Bruxelles, 01/12/2000 (Agence Europe) - Le Conseil Marché intérieur de jeudi a permis de faire le point sur plusieurs dossiers qui seront, la semaine prochaine, sur la table du sommet européen de Nice: les services d'intérêt général, le statut de la société européenne et le brevet communautaire. "Le gouvernement français avait notamment tenu à inscrire la question des services d'intérêt général à l'ordre du jour des travaux du Conseil", a indiqué, à l'issue de la session, le ministre français délégué aux Affaires européennes, Pierre Moscovici (qui avait présidé l'essentiel des travaux). Ce dessein s'est traduit par l'adoption d'une déclaration politique, dans laquelle les Quinze reconnaissent à la fois: a) la capacité des Etats membres à désigner les activités relevant de la mission de service public, b) le rôle de la Commission européenne dans l'examen du respect des règles du marché intérieur et de la concurrence, c) la légitimité des aides destinées à compenser les coûts supplémentaires entraînés par la mission d'intérêt économique général, d) le rôle indispensable des services d'intérêt général pour la cohésion sociale et l'aménagement du territoire ainsi que pour assurer la compétitivité globale de l'économie européenne. "Cette déclaration permet de préciser la portée de l'article 16 du traité (sur les valeurs communes de l'UE).

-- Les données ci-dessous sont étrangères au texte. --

(* Let $q$ be a prime power, let $n_1,n_2,n_3,n_4$ be positive integers with $n=n_1+n_2+n_3+n_4$, and let $G=U_{n_1,n_2,n_3,n_4}=1+\mathfrak{g}$ be the unipotent radical of the standard parabolic subgroup of $\mathrm{GL}_n(\mathbb{F}_q)$ attached to the block sizes $(n_1,n_2,n_3,n_4)$. Here $\mathfrak{g}$ is the algebra of $n\times n$ matrices over $\mathbb{F}_q$ which, written in $4\times 4$ block form $(X_{ij})$ with $X_{ij}$ of size $n_i\times n_j$, satisfy $X_{ij}=0$ whenever $i\ge j$. Then $G$ is of good type: for every $S\in\mathfrak{g}^t$, the linear form $\lambda_S\in\mathfrak{g}^*$, $\lambda_S(X)=\operatorname{tr}(SX)$, admits an associative polarization.
   Context: $\mathfrak{g}^t=\{X^t: X\in\mathfrak{g}\}$. For $\lambda\in\mathfrak{g}^*$, define the skew-symmetric bilinear form $B_\lambda(x,y)=\lambda(xy-yx)$ on $\mathfrak{g}$. A subspace $\mathfrak{p}\subseteq\mathfrak{g}$ is isotropic if $B_\lambda(x,y)=0$ for all $x,y\in\mathfrak{p}$, and a polarization of $\lambda$ is a maximal isotropic subspace of $\mathfrak{g}$ for $B_\lambda$. An associative polarization of $\lambda$ is a polarization $\mathfrak{p}$ that is an associative subalgebra of $\mathfrak{g}$ and satisfies $\lambda(\mathfrak{p}^2)=0$, where $\mathfrak{p}^2$ is the span of products $xy$ with $x,y\in\mathfrak{p}$. A pattern group $G=1+\mathfrak{g}$ over $\mathbb{F}_q$ is said to be of good type if $\lambda_S$ admits an associative polarization for every $S\in\mathfrak{g}^t$. *)

theory Defs
  imports "Jordan_Normal_Form.Matrix"
begin

definition blk :: "nat \<Rightarrow> nat \<Rightarrow> nat \<Rightarrow> nat \<Rightarrow> nat" where
  "blk n1 n2 n3 i = (if i < n1 then 0 else if i < n1 + n2 then 1
                     else if i < n1 + n2 + n3 then 2 else 3)"

definition pattern_alg :: "nat \<Rightarrow> nat \<Rightarrow> nat \<Rightarrow> nat \<Rightarrow> 'a::field mat set" where
  "pattern_alg n1 n2 n3 n4 =
     {X \<in> carrier_mat (n1+n2+n3+n4) (n1+n2+n3+n4).
        \<forall>i j. i < n1+n2+n3+n4 \<longrightarrow> j < n1+n2+n3+n4 \<longrightarrow>
              blk n1 n2 n3 j \<le> blk n1 n2 n3 i \<longrightarrow> X $$ (i, j) = 0}"

definition mat_subspace :: "nat \<Rightarrow> 'a::field mat set \<Rightarrow> bool" where
  "mat_subspace n V \<longleftrightarrow> V \<subseteq> carrier_mat n n \<and> 0\<^sub>m n n \<in> V \<and>
     (\<forall>x\<in>V. \<forall>y\<in>V. x + y \<in> V) \<and> (\<forall>c. \<forall>x\<in>V. c \<cdot>\<^sub>m x \<in> V)"

definition mtrace :: "'a::comm_ring_1 mat \<Rightarrow> 'a" where
  "mtrace A = (\<Sum>i<dim_row A. A $$ (i, i))"

definition lam :: "'a::field mat \<Rightarrow> 'a mat \<Rightarrow> 'a" where
  "lam S X = mtrace (S * X)"

definition Bform :: "('a::field mat \<Rightarrow> 'a) \<Rightarrow> 'a mat \<Rightarrow> 'a mat \<Rightarrow> 'a" where
  "Bform l x y = l (x * y - y * x)"

definition isotropic :: "('a::field mat \<Rightarrow> 'a) \<Rightarrow> 'a mat set \<Rightarrow> bool" where
  "isotropic l P \<longleftrightarrow> (\<forall>x\<in>P. \<forall>y\<in>P. Bform l x y = 0)"

definition polarization :: "nat \<Rightarrow> 'a::field mat set \<Rightarrow> ('a mat \<Rightarrow> 'a) \<Rightarrow> 'a mat set \<Rightarrow> bool" where
  "polarization n g l P \<longleftrightarrow> mat_subspace n P \<and> P \<subseteq> g \<and> isotropic l P \<and>
     (\<forall>Q. mat_subspace n Q \<and> Q \<subseteq> g \<and> isotropic l Q \<and> P \<subseteq> Q \<longrightarrow> Q = P)"

definition prod_span :: "nat \<Rightarrow> 'a::field mat set \<Rightarrow> 'a mat set" where
  "prod_span n P = \<Inter> {V. mat_subspace n V \<and> {x * y | x y. x \<in> P \<and> y \<in> P} \<subseteq> V}"

definition assoc_polarization :: "nat \<Rightarrow> 'a::field mat set \<Rightarrow> ('a mat \<Rightarrow> 'a) \<Rightarrow> 'a mat set \<Rightarrow> bool" where
  "assoc_polarization n g l P \<longleftrightarrow> polarization n g l P \<and>
     (\<forall>x\<in>P. \<forall>y\<in>P. x * y \<in> P) \<and> (\<forall>z \<in> prod_span n P. l z = 0)"

end

theory Submission
  imports Defs
begin

(* Number the blocks 0, ..., 3 and let V_k (flag_space k) be the span of the standard basis
   vectors lying in blocks < k, so that every X in g maps V_(k+1) into V_k. Put
   W = {v in V_2. S v in V_3} (flag_preimage) and let P (flag_polarization) consist of the
   X in g with S X V_3 <= V_3 and (S X v)_r = 0 for all v in W and all r in block 2.
   Expanding tr(S X Y) = sum_i (S X y_i)_i over the columns y_i in V_(block i) of Y gives
   lambda_S(X Y) = 0 for X, Y in P: X kills the columns in blocks 0 and 1, the columns in
   block 2 lie in W, and those in block 3 are handled by S X V_3 <= V_3. The same flag
   estimates make P closed under products. For maximality, an X in g that is
   B_lambda-orthogonal to P is tested against the rank one matrices u e_r^T with u in V_3,
   r in block 3, or u in W, r in block 2: they lie in P, satisfy lambda_S(u e_r^T X) = 0,
   and lambda_S(X u e_r^T) = (S X u)_r yields the two conditions defining P. *)

lemma mult_mat_zero_vec: "A \<in> carrier_mat m n \<Longrightarrow> A *\<^sub>v 0\<^sub>v n = 0\<^sub>v m"
  by (intro eq_vecI) auto

lemma zero_mat_mult_vec: "v \<in> carrier_vec n \<Longrightarrow> 0\<^sub>m m n *\<^sub>v v = 0\<^sub>v m"
  by (intro eq_vecI) auto

lemma smult_mat_mult_vec:
  "A \<in> carrier_mat m n \<Longrightarrow> v \<in> carrier_vec n \<Longrightarrow> (c \<cdot>\<^sub>m A) *\<^sub>v v = c \<cdot>\<^sub>v (A *\<^sub>v v)"
  by (intro eq_vecI) (auto simp: scalar_prod_def sum_distrib_left mult.assoc)

lemma col_eq_mult_unit_vec:
  "(A :: 'a::semiring_1 mat) \<in> carrier_mat m n \<Longrightarrow> i < n \<Longrightarrow> col A i = A *\<^sub>v unit_vec n i"
  by (intro eq_vecI) (auto simp: scalar_prod_right_unit)

section \<open>Associative polarizations of the trace form\<close>

context
  fixes n :: nat and S :: "'a::field mat"
  assumes S: "S \<in> carrier_mat n n"
begin

lemma lam_add:
  "X \<in> carrier_mat n n \<Longrightarrow> Y \<in> carrier_mat n n \<Longrightarrow> lam S (X + Y) = lam S X + lam S Y"
  using S by (simp add: lam_def mtrace_def mult_add_distrib_mat sum.distrib)

lemma lam_diff:
  "X \<in> carrier_mat n n \<Longrightarrow> Y \<in> carrier_mat n n \<Longrightarrow> lam S (X - Y) = lam S X - lam S Y"
  using S by (simp add: lam_def mtrace_def mult_minus_distrib_mat sum_subtractf)

lemma lam_smult: "X \<in> carrier_mat n n \<Longrightarrow> lam S (c \<cdot>\<^sub>m X) = c * lam S X"
  using S by (simp add: lam_def mtrace_def mult_smult_distrib sum_distrib_left)

lemma lam_zero: "lam S (0\<^sub>m n n) = 0"
  using S by (simp add: lam_def mtrace_def)

lemma lam_mult:
  assumes X: "X \<in> carrier_mat n n" and Y: "Y \<in> carrier_mat n n"
  shows "lam S (X * Y) = (\<Sum>i<n. (S *\<^sub>v (X *\<^sub>v col Y i)) $ i)"
proof -
  have "(S * (X * Y)) $$ (i, i) = (S *\<^sub>v (X *\<^sub>v col Y i)) $ i" if "i < n" for i
  proof -
    have "(S * (X * Y)) $$ (i, i) = col (S * (X * Y)) i $ i"
      using that S X Y by simp
    also have "\<dots> = (S *\<^sub>v (X *\<^sub>v col Y i)) $ i"
      by (simp only: col_mult2[OF S mult_carrier_mat[OF X Y] that] col_mult2[OF X Y that])
    finally show ?thesis .
  qed
  then show ?thesis
    using S by (simp add: lam_def mtrace_def)
qed

lemma mat_subspace_lam_kernel: "mat_subspace n {Z \<in> carrier_mat n n. lam S Z = 0}"
  unfolding mat_subspace_def by (auto simp: lam_add lam_smult lam_zero)

lemma assoc_polarizationI:
  assumes P: "mat_subspace n P" "P \<subseteq> g"
    and mult_closed: "\<And>X Y. X \<in> P \<Longrightarrow> Y \<in> P \<Longrightarrow> X * Y \<in> P"
    and lam_mult_zero: "\<And>X Y. X \<in> P \<Longrightarrow> Y \<in> P \<Longrightarrow> lam S (X * Y) = 0"
    and maximal: "\<And>X. X \<in> g \<Longrightarrow> (\<And>Y. Y \<in> P \<Longrightarrow> lam S (X * Y) = lam S (Y * X)) \<Longrightarrow> X \<in> P"
  shows "assoc_polarization n g (lam S) P"
proof -
  have P_carrier: "P \<subseteq> carrier_mat n n"
    using P(1) by (simp add: mat_subspace_def)
  have isotropic: "isotropic (lam S) P"
  proof (unfold isotropic_def Bform_def, intro ballI)
    fix X Y assume "X \<in> P" "Y \<in> P"
    moreover from this have "X \<in> carrier_mat n n" "Y \<in> carrier_mat n n"
      using P_carrier by auto
    ultimately show "lam S (X * Y - Y * X) = 0"
      by (simp add: lam_diff lam_mult_zero)
  qed
  have "Q = P" if Q: "mat_subspace n Q" "Q \<subseteq> g" "isotropic (lam S) Q" "P \<subseteq> Q" for Q
  proof
    have "X \<in> P" if X: "X \<in> Q" for X
    proof (rule maximal)
      show "X \<in> g" using X Q(2) by blast
      fix Y assume "Y \<in> P"
      then have "Y \<in> Q" "Y \<in> carrier_mat n n" "X \<in> carrier_mat n n"
        using Q(1,4) X P_carrier by (auto simp: mat_subspace_def)
      moreover have "lam S (X * Y - Y * X) = 0"
        using Q(3) X \<open>Y \<in> Q\<close> by (simp add: isotropic_def Bform_def)
      ultimately show "lam S (X * Y) = lam S (Y * X)"
        by (simp add: lam_diff)
    qed
    then show "Q \<subseteq> P" by blast
  qed (use that in blast)
  moreover have "{X * Y | X Y. X \<in> P \<and> Y \<in> P} \<subseteq> {Z \<in> carrier_mat n n. lam S Z = 0}"
    using P_carrier lam_mult_zero by fastforce
  then have "prod_span n P \<subseteq> {Z \<in> carrier_mat n n. lam S Z = 0}"
    unfolding prod_span_def using mat_subspace_lam_kernel by blast
  ultimately show ?thesis
    using P isotropic mult_closed unfolding assoc_polarization_def polarization_def by blast
qed

end

section \<open>Strictly block upper triangular matrices and the standard flag\<close>

definition strict_block_upper :: "nat \<Rightarrow> (nat \<Rightarrow> nat) \<Rightarrow> 'a::field mat set" where
  "strict_block_upper n bk = {X \<in> carrier_mat n n. \<forall>i<n. \<forall>j<n. bk j \<le> bk i \<longrightarrow> X $$ (i, j) = 0}"

definition flag_space :: "nat \<Rightarrow> (nat \<Rightarrow> nat) \<Rightarrow> nat \<Rightarrow> 'a::field vec set" where
  "flag_space n bk k = {v \<in> carrier_vec n. \<forall>j<n. k \<le> bk j \<longrightarrow> v $ j = 0}"

lemma strict_block_upper_carrier: "X \<in> strict_block_upper n bk \<Longrightarrow> X \<in> carrier_mat n n"
  by (simp add: strict_block_upper_def)

lemma strict_block_upper_nonzero:
  "X \<in> strict_block_upper n bk \<Longrightarrow> i < n \<Longrightarrow> j < n \<Longrightarrow> X $$ (i, j) \<noteq> 0 \<Longrightarrow> bk i < bk j"
  unfolding strict_block_upper_def by force

lemma strict_block_upper_mult:
  assumes X: "X \<in> strict_block_upper n bk" and Y: "Y \<in> strict_block_upper n bk"
  shows "X * Y \<in> strict_block_upper n bk"
proof -
  have carrier: "X \<in> carrier_mat n n" "Y \<in> carrier_mat n n"
    using X Y by (simp_all add: strict_block_upper_carrier)
  have "(X * Y) $$ (i, j) = 0" if ij: "i < n" "j < n" "bk j \<le> bk i" for i j
  proof -
    have "X $$ (i, k) * Y $$ (k, j) = 0" if "k < n" for k
      using strict_block_upper_nonzero[OF X ij(1) that] strict_block_upper_nonzero[OF Y that ij(2)] ij(3)
      by fastforce
    then show ?thesis
      using ij carrier by (auto simp: scalar_prod_def intro!: sum.neutral)
  qed
  then show ?thesis
    using carrier by (simp add: strict_block_upper_def)
qed

lemma flag_space_mono: "k \<le> l \<Longrightarrow> flag_space n bk k \<subseteq> flag_space n bk l"
  by (auto simp: flag_space_def)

Elle sera sans doute annexée aux conclusions du sommet de Nice, ce qui est le sujet d'une très grande satisfaction", a-t-il ajouté, en reconnaissant la "très grande qualité" de la récente communication de la Commission européenne à ce sujet.
Le sommet européen de Nice devrait, par ailleurs, être en mesure d'adopter un amendement au Traité qui permettrait, par la suite, de donner à une juridiction communautaire le pouvoir de statuer dans les litiges liés à la contrefaçon et la validité des brevets communautaires, a annoncé le commissaire européen au Marché intérieur, Frits Bolkestein, en se réjouissant de la nouvelle. "Mais même s'il y a un accord à Nice, un travail important restera à faire pour mettre en place une telle juridiction et pour établir le brevet communautaire dans les délais impartis par le sommet européen de Lisbonne, à savoir avant fin 2001", a-t-il averti. Les amendements prévus au traité permettraient notamment de créer des juridictions spécialisées en dessous du Tribunal de première instance, mais le débat reste entier sur la structure juridictionnelle à instaurer. La Commission souhaiterait l'établissement d'une juridiction centralisée en première instance. Pour plusieurs Etats membres, au contraire (dont l'Allemagne), cette compétence devrait rester nationale, seule la procédure d'appel devant se dérouler au niveau communautaire. Plusieurs points litigieux restent également en suspens, dont le régime linguistique à prévoir pour le brevet communautaire et le lien à établir avec l'Office européen des brevets à Munich.
Sur le statut de la société européenne, les Quinze se sont limités à prendre note des dernières évolutions du dossier lors du Conseil Social du 28 novembre. Les contacts bilatéraux avec l'Espagne vont se poursuivre jusqu'au sommet de Nice. "Le président Chirac était mercredi avec José Maria Aznar, et nous espérons pouvoir conclure sous présidence française", a indiqué M. Moscovici.
Progrès importants sur le règlement concernant les dessins et modèles communautaires
Autre résultat important, le Conseil est parvenu à un accord unanime sur deux thèmes délicats du règlement sur les dessins et modèles communautaires, à savoir la protection des pièces détachées de produits complexes (telles que les pièces de rechange visibles des automobiles) et celle des dessins non enregistrés (d'usage fréquent notamment dans le secteur du jouet et du textile). Les pièces détachées pourraient ainsi être enregistrées mais la protection en résultant ne couvrirait pas une utilisation à des fins de réparation. "On ne pourrait pas, en revanche, utiliser une pièce d'un modèle de voiture existant pour créer un nouveau modèle", explique un expert. Les Quinze ont également approuvé le principe d'une protection sans enregistrement, dont on pourrait, par exemple, se prévaloir pour interdire la copie. Cette protection aurait toutefois un caractère réduit, notamment dans sa durée qui n'excéderait pas trois ans (contre 5 ans, renouvelables jusqu'à 25, pour un dessin enregistré). Le Conseil n'a, quoi qu'il en soit, pas été en mesure d'approuver ce règlement en raison de divergences linguistiques similaires à celui posé dans le domaine des brevets.
Le Conseil a, enfin, arrêté le règlement sur la protection des données à caractère personnel par les institutions et organes communautaires (en approuvant tous les amendements du Parlement européen) et s'est félicité du bilan positif du forum sur le marché intérieur, qui avait rassemblé dans la semaine représentants politiques, entrepreneurs et organisations non gouvernementales.